The twelve didn’t really understand yet what He was teaching either. This was the first time Jesus revealed what He knew to be true in Judas’ heart. Many decided to turn away and not follow Him any more. Jesus asked the disciples if they would leave Him too and I love Peter’s response when Jesus asked them that question. He said, “to whom shall we go? You have the words of eternal life.” (verse 68)
Peter got it. Even though He probably also did not completely understand what Jesus meant by His declaration that He was the bread of life, Peter knew he wanted and needed that bread. He knew that Jesus was “the Christ, the Son of the living God.”
Although Jesus’ illustration here is steeped in huge imagery, we absolutely must grasp the truth that without Jesus as our bread of life, we will spiritually starve as much as any man will starve physically if he stops eating. Does that truth grasp you every time you partake of the Lord’s Supper?
We must quite literally be so starved for the “bread of life” that we realize that nothing else takes its place, nothing else will keep us alive and bring us eternal life. Jesus never suggested cannibalism. He did not literally, physically mean that we needed to eat His flesh and drink His blood…although those are the words He used. He did mean that, without His death on the cross, giving His flesh and bleeding His blood, followed by our unfaltering acceptance and allegiance to its truth in our lives, we would all spiritually die!
Jesus is the Bread of Life. We will not live forever without partaking of it. Don’t just memorize this short little verse and move on to the next one. Let the profound truth of it sink in, maybe for the first time for you.
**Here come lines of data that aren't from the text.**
(* Every almost bipartite cubic graph is $3$-edge-colourable.
   Context: A cubic graph $G$ (multiple edges and loops permitted) is almost bipartite if it is bridgeless, not bipartite, and contains two edges $e$ and $f$ such that $G-\{e,f\}$ is bipartite. A $3$-edge-colouring is a proper edge colouring with three colours. *)

theory Defs
  imports Main
begin

text \<open>Finite multigraphs (parallel edges and loops permitted). The order of the endpoints carries no meaning.\<close>

definition multigraph :: "'v set \<Rightarrow> 'e set \<Rightarrow> ('e \<Rightarrow> 'v \<times> 'v) \<Rightarrow> bool" where
  "multigraph V E ends \<longleftrightarrow> finite V \<and> finite E \<and>
     (\<forall>e\<in>E. fst (ends e) \<in> V \<and> snd (ends e) \<in> V)"

text \<open>Degree: number of edge-ends at v (a loop contributes 2).\<close>
definition degree :: "'e set \<Rightarrow> ('e \<Rightarrow> 'v \<times> 'v) \<Rightarrow> 'v \<Rightarrow> nat" where
  "degree E ends v = card {e\<in>E. fst (ends e) = v} + card {e\<in>E. snd (ends e) = v}"

definition cubic :: "'v set \<Rightarrow> 'e set \<Rightarrow> ('e \<Rightarrow> 'v \<times> 'v) \<Rightarrow> bool" where
  "cubic V E ends \<longleftrightarrow> multigraph V E ends \<and> (\<forall>v\<in>V. degree E ends v = 3)"

definition adj :: "'e set \<Rightarrow> ('e \<Rightarrow> 'v \<times> 'v) \<Rightarrow> 'v \<Rightarrow> 'v \<Rightarrow> bool" where
  "adj F ends x y \<longleftrightarrow> (\<exists>e\<in>F. ends e = (x, y) \<or> ends e = (y, x))"

definition connected_in :: "'e set \<Rightarrow> ('e \<Rightarrow> 'v \<times> 'v) \<Rightarrow> 'v \<Rightarrow> 'v \<Rightarrow> bool" where
  "connected_in F ends x y \<longleftrightarrow> (adj F ends)\<^sup>*\<^sup>* x y"

definition is_bridge :: "'e set \<Rightarrow> ('e \<Rightarrow> 'v \<times> 'v) \<Rightarrow> 'e \<Rightarrow> bool" where
  "is_bridge E ends e \<longleftrightarrow> e \<in> E \<and>
     \<not> connected_in (E - {e}) ends (fst (ends e)) (snd (ends e))"

definition bridgeless :: "'e set \<Rightarrow> ('e \<Rightarrow> 'v \<times> 'v) \<Rightarrow> bool" where
  "bridgeless E ends \<longleftrightarrow> (\<forall>e\<in>E. \<not> is_bridge E ends e)"

definition bipartite :: "'e set \<Rightarrow> ('e \<Rightarrow> 'v \<times> 'v) \<Rightarrow> bool" where
  "bipartite F ends \<longleftrightarrow> (\<exists>side :: 'v \<Rightarrow> bool. \<forall>e\<in>F. side (fst (ends e)) \<noteq> side (snd (ends e)))"

definition almost_bipartite :: "'v set \<Rightarrow> 'e set \<Rightarrow> ('e \<Rightarrow> 'v \<times> 'v) \<Rightarrow> bool" where
  "almost_bipartite V E ends \<longleftrightarrow> cubic V E ends \<and> bridgeless E ends \<and> \<not> bipartite E ends \<and>
     (\<exists>e\<in>E. \<exists>f\<in>E. e \<noteq> f \<and> bipartite (E - {e, f}) ends)"

text \<open>Proper 3-edge-colouring: colours in {0,1,2}, and at every vertex each colour
occurs at most once among the edge-ends at that vertex (a loop gives two ends).\<close>
definition three_edge_colouring :: "'v set \<Rightarrow> 'e set \<Rightarrow> ('e \<Rightarrow> 'v \<times> 'v) \<Rightarrow> ('e \<Rightarrow> nat) \<Rightarrow> bool" where
  "three_edge_colouring V E ends col \<longleftrightarrow> (\<forall>e\<in>E. col e < 3) \<and>
     (\<forall>v\<in>V. \<forall>k. card {e\<in>E. fst (ends e) = v \<and> col e = k}
                 + card {e\<in>E. snd (ends e) = v \<and> col e = k} \<le> 1)"

definition three_edge_colourable :: "'v set \<Rightarrow> 'e set \<Rightarrow> ('e \<Rightarrow> 'v \<times> 'v) \<Rightarrow> bool" where
  "three_edge_colourable V E ends \<longleftrightarrow> (\<exists>col. three_edge_colouring V E ends col)"

end

theory Submission
  imports Defs
begin

text \<open>
  Let G - {e, f} be bipartite with sides A and B. Counting edge-ends, 3|A| and 3|B| differ only
  by the ends of e and f; since G itself is not bipartite this forces one of e, f to lie inside A,
  the other inside B, and |A| = |B|. Bridgelessness then yields Hall's condition for matching A
  minus the ends of e into B minus the ends of f in G - {e, f}, so G has a perfect matching M
  containing e and f. Now G - M is 2-regular and bipartite, so by Hall's theorem again it is the
  union of two perfect matchings; with M they form the three colour classes.
\<close>

section \<open>Hall's marriage theorem\<close>

definition hall_condition :: "'a set \<Rightarrow> ('a \<Rightarrow> 'b set) \<Rightarrow> bool" where
  "hall_condition I X \<longleftrightarrow> (\<forall>J\<subseteq>I. card J \<le> card (\<Union>(X ` J)))"

lemma hall_condition_remove_point:
  assumes "finite I" "\<forall>i\<in>I. finite (X i)" "i\<^sub>0 \<in> I"
    and surplus: "\<forall>J\<subseteq>I. J \<noteq> {} \<longrightarrow> J \<noteq> I \<longrightarrow> card J < card (\<Union>(X ` J))"
  shows "hall_condition (I - {i\<^sub>0}) (\<lambda>i. X i - {x})"
  unfolding hall_condition_def
proof (intro allI impI)
  fix J assume J: "J \<subseteq> I - {i\<^sub>0}"
  show "card J \<le> card (\<Union>i\<in>J. X i - {x})"
  proof (cases "J = {}")
    case False
    have "finite (\<Union>(X ` J))"
      using assms(1,2) J by (auto intro: finite_subset)
    moreover have "(\<Union>i\<in>J. X i - {x}) = \<Union>(X ` J) - {x}"
      by auto
    moreover have "card J < card (\<Union>(X ` J))"
      using surplus J False \<open>i\<^sub>0 \<in> I\<close> by blast
    ultimately show ?thesis
      by (auto simp: card_Diff_singleton_if)
  qed simp
qed

lemma hall_condition_remove_critical:
  assumes "finite I" "\<forall>i\<in>I. finite (X i)" "hall_condition I X"
    and "J \<subseteq> I" and critical: "card (\<Union>(X ` J)) = card J"
  shows "hall_condition (I - J) (\<lambda>i. X i - \<Union>(X ` J))"
  unfolding hall_condition_def
proof (intro allI impI)
  fix K assume K: "K \<subseteq> I - J"
  have fin: "finite K" "finite J"
    using assms(1,4) K by (auto intro: finite_subset)
  with assms(2,4) K have fin_Un: "finite (\<Union>(X ` K))" "finite (\<Union>(X ` J))"
    by auto
  have "card K + card J = card (K \<union> J)"
    using fin K by (subst card_Un_disjoint) auto
  also have "\<dots> \<le> card (\<Union>(X ` (K \<union> J)))"
    using assms(3,4) K unfolding hall_condition_def by (meson Diff_subset Un_least subset_trans)
  also have "\<Union>(X ` (K \<union> J)) = (\<Union>i\<in>K. X i - \<Union>(X ` J)) \<union> \<Union>(X ` J)"
    by auto
  also have "card \<dots> = card (\<Union>i\<in>K. X i - \<Union>(X ` J)) + card J"
    using fin_Un critical by (subst card_Un_disjoint) (auto intro: finite_subset)
  finally show "card K \<le> card (\<Union>i\<in>K. X i - \<Union>(X ` J))"
    by simp
qed

lemma distinct_representatives_Un:
  assumes "J \<subseteq> I" "inj_on r\<^sub>1 J" "inj_on r\<^sub>2 (I - J)" "r\<^sub>1 ` J \<inter> r\<^sub>2 ` (I - J) = {}"
    and "\<forall>i\<in>J. r\<^sub>1 i \<in> X i" "\<forall>i\<in>I - J. r\<^sub>2 i \<in> X i"
  shows "\<exists>r. inj_on r I \<and> (\<forall>i\<in>I. r i \<in> X i)"
proof -
  define r where "r i = (if i \<in> J then r\<^sub>1 i else r\<^sub>2 i)" for i
  have "inj_on r (J \<union> (I - J))"
    unfolding inj_on_Un
  proof (intro conjI)
    show "inj_on r J" "inj_on r (I - J)"
      using assms(2,3) by (auto simp: r_def inj_on_def)
    show "r ` (J - (I - J)) \<inter> r ` (I - J - J) = {}"
      using assms(4) by (auto simp: r_def)
  qed
  moreover have "J \<union> (I - J) = I"
    using assms(1) by blast
  ultimately show ?thesis
    using assms(5,6) by (intro exI[of _ r]) (auto simp: r_def)
qed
Realize how important it is for us to daily partake of Him, just like we eat bread to stay alive. Thank Him for being our bread of life, just like we thank Him for the bread we prayed for in the Lord’s prayer. Be prepared to share this truth to everyone you meet, because they need this Bread of Life too!
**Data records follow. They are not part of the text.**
text \<open>The difference quotient of a linear functional \<open>l\<close> at \<open>(x, y, t)\<close> is \<open>l y\<close>.\<close>
lemma BGN_linear_functional:
  fixes abv :: "'k::{field,topological_space} \<Rightarrow> real" and sE :: "'k \<Rightarrow> 'e::{ab_group_add,topological_space} \<Rightarrow> 'e"
  assumes vf: "valued_field abv" and "0 < \<sigma>" "\<sigma> \<le> 1"
  shows "linear_map (cscale sE) (*) (l :: ('e,'k) code \<Rightarrow> 'k) \<Longrightarrow> continuous_on UNIV l \<Longrightarrow> BGN abv sE (*) \<sigma> k j W l"
proof (induction k arbitrary: j W l)
  case 0
  then show ?case
    using holder_code_linear_functional[OF vf 0 assms(2,3)] continuous_on_subset[OF 0(2) subset_UNIV] by simp
next
  case (Suc k)
  show ?case
  proof (rule BGN_SucI)
    show "continuous_on W l"
      using Suc.prems(2) continuous_on_subset by blast
    show "holder_code abv sE (*) \<sigma> j W l"
      by (rule holder_code_linear_functional[OF vf Suc.prems assms(2,3)])
    show "extends_diff_quot sE (*) j W l (\<lambda>z. l (cright z))"
      unfolding extends_diff_quot_def
      by (simp add: linear_map_add[OF Suc.prems(1)] linear_map_scale[OF Suc.prems(1)])
    show "BGN abv sE (*) \<sigma> k (Suc j) (W1 sE j W) (\<lambda>z. l (cright z))"
      using continuous_on_compose2[OF Suc.prems(2) continuous_on_cright]
      by (intro Suc.IH linear_map_compose[OF linear_map_cright Suc.prems(1)]) simp
  qed
qed

lemma join_diff_split:
  "join a b c - join a' b' c' =
    (join a 0 0 - join a' 0 0) + (join 0 b 0 - join 0 b' 0) + (join 0 0 c - join 0 0 (c' :: 'k::ring) :: ('e::ab_group_add,'k) code)"
  by (rule code_eqI; rule code_list_cases; simp)

lemma holder_code_join:
  fixes abv :: "'k::{field,topological_space} \<Rightarrow> real" and sE :: "'k \<Rightarrow> 'e::{ab_group_add,topological_space} \<Rightarrow> 'e"
    and sF :: "'k \<Rightarrow> 'f::{ab_group_add,t2_space} \<Rightarrow> 'f"
    and A B :: "('e,'k) code \<Rightarrow> ('f,'k) code" and T :: "('e,'k) code \<Rightarrow> 'k"
  assumes vf: "valued_field abv" and tF: "tvs sF" and "0 < \<sigma>" and "W \<subseteq> shape j"
    and A: "holder_code abv sE (cscale sF) \<sigma> j W A"
    and B: "holder_code abv sE (cscale sF) \<sigma> j W B"
    and T: "holder_code abv sE (*) \<sigma> j W T"
  shows "holder_code abv sE (cscale sF) \<sigma> j W (\<lambda>z. join (A z) (B z) (T z))"
proof (rule holder_codeI)
  fix x0 q assume "x0 \<in> W" and q: "gauge abv (cscale sF) q"
  have vsF: "vector_space sF" by (rule tvs_vector_space[OF tF])
  obtain q' where q': "gauge abv (cscale sF) q'" "\<And>u v w. q (u + v + w) \<le> max (q' u) (max (q' v) (q' w))"
    using gauge_sum3_le_max[OF vf vector_space_cscale[OF vsF] continuous_on_code_add[OF vf tF]
        continuous_on_cscale[OF vf tF] q] by blast
  have cont: "continuous_on UNIV (\<lambda>a::('f,'k) code. join a 0 (0::'k))"
    "continuous_on UNIV (\<lambda>b::('f,'k) code. join 0 b (0::'k))"
    "continuous_on UNIV (\<lambda>c::'k. join (0::('f,'k) code) 0 c)"
    by (intro continuous_on_join continuous_on_id continuous_on_const)+
  obtain pA NA where pA: "code_gauge abv sE j pA" "open NA" "x0 \<in> NA"
    "\<And>x y. x \<in> W \<inter> NA \<Longrightarrow> y \<in> W \<inter> NA \<Longrightarrow> q' (join (A y) 0 0 - join (A x) 0 0) \<le> pA (y - x) powr \<sigma>"
    using holder_codeE[OF holder_code_linear_post[OF A linear_map_join_left[OF vsF] cont(1)] \<open>x0 \<in> W\<close> q'(1)]
    by blast
  obtain pB NB where pB: "code_gauge abv sE j pB" "open NB" "x0 \<in> NB"
    "\<And>x y. x \<in> W \<inter> NB \<Longrightarrow> y \<in> W \<inter> NB \<Longrightarrow> q' (join 0 (B y) 0 - join 0 (B x) 0) \<le> pB (y - x) powr \<sigma>"
    using holder_codeE[OF holder_code_linear_post[OF B linear_map_join_right[OF vsF] cont(2)] \<open>x0 \<in> W\<close> q'(1)]
    by blast
  obtain pT NT where pT: "code_gauge abv sE j pT" "open NT" "x0 \<in> NT"
    "\<And>x y. x \<in> W \<inter> NT \<Longrightarrow> y \<in> W \<inter> NT \<Longrightarrow> q' (join 0 0 (T y) - join 0 0 (T x)) \<le> pT (y - x) powr \<sigma>"
    using holder_codeE[OF holder_code_linear_post[OF T linear_map_join_scalar[OF vsF] cont(3)] \<open>x0 \<in> W\<close> q'(1)]
    by blast
  define p where "p z = max (pA z) (max (pB z) (pT z))" for z
  have "code_gauge abv sE j p"
    unfolding p_def by (intro code_gauge_max[OF vf] pA(1) pB(1) pT(1))
  moreover have "q (join (A y) (B y) (T y) - join (A x) (B x) (T x)) \<le> p (y - x) powr \<sigma>"
    if "x \<in> W \<inter> (NA \<inter> NB \<inter> NT)" "y \<in> W \<inter> (NA \<inter> NB \<inter> NT)" for x y
  proof -
    have "y - x \<in> shape j"
      using that \<open>W \<subseteq> shape j\<close> by (blast intro: shape_diff)
    then have "0 \<le> pA (y - x)" "0 \<le> pB (y - x)" "0 \<le> pT (y - x)"
      using code_gauge_nonneg[OF pA(1)] code_gauge_nonneg[OF pB(1)] code_gauge_nonneg[OF pT(1)] by simp_all
    have "q (join (A y) (B y) (T y) - join (A x) (B x) (T x)) \<le>
        max (q' (join (A y) 0 0 - join (A x) 0 0))
          (max (q' (join 0 (B y) 0 - join 0 (B x) 0)) (q' (join 0 0 (T y) - join 0 0 (T x))))"
      by (subst join_diff_split) (rule q'(2))
    also have "\<dots> \<le> max (pA (y - x) powr \<sigma>) (max (pB (y - x) powr \<sigma>) (pT (y - x) powr \<sigma>))"
      using pA(4) pB(4) pT(4) that by (intro max.mono) auto
    also have "\<dots> \<le> p (y - x) powr \<sigma>"
      unfolding p_def using \<open>0 \<le> pA (y - x)\<close> \<open>0 \<le> pB (y - x)\<close> \<open>0 \<le> pT (y - x)\<close> \<open>0 < \<sigma>\<close>
      by (intro max.boundedI powr_mono2) auto
    finally show ?thesis .
  qed
  moreover have "open (NA \<inter> NB \<inter> NT)" "x0 \<in> NA \<inter> NB \<inter> NT"
    using pA(2,3) pB(2,3) pT(2,3) by auto
  ultimately show "\<exists>p N. code_gauge abv sE j p \<and> open N \<and> x0 \<in> N \<and>
      (\<forall>x\<in>W \<inter> N. \<forall>y\<in>W \<inter> N. q (join (A y) (B y) (T y) - join (A x) (B x) (T x)) \<le> p (y - x) powr \<sigma>)"
    by blast
qed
Questions for discussion: We really need to understand how hard this truth would have been for Jesus’ listeners to take in. Would you have had just as hard a time understanding what Jesus was saying without having the advantage of looking back on it with the aid and revelation of history and the Holy Spirit? Just like we will become very hungry very quickly if we do not eat food daily, do you ever feel any sense of hunger when you don’t daily partake of Jesus’ presence and leading through study of the Word and speaking to Him through prayer?
Other Scriptures to study: Matthew 4:3 Satan tempting Jesus by telling Him to turn stones into bread so He could eat. Matthew 16:5-12, Yeast of the Pharisees. Matthew 26:26-29 (Luke 22:1-35), The Lord’s supper. John 6:35-68, Parallel verses. Acts 2:42-47. 1 Cor 10:16-17. 1 Cor 11:23-26.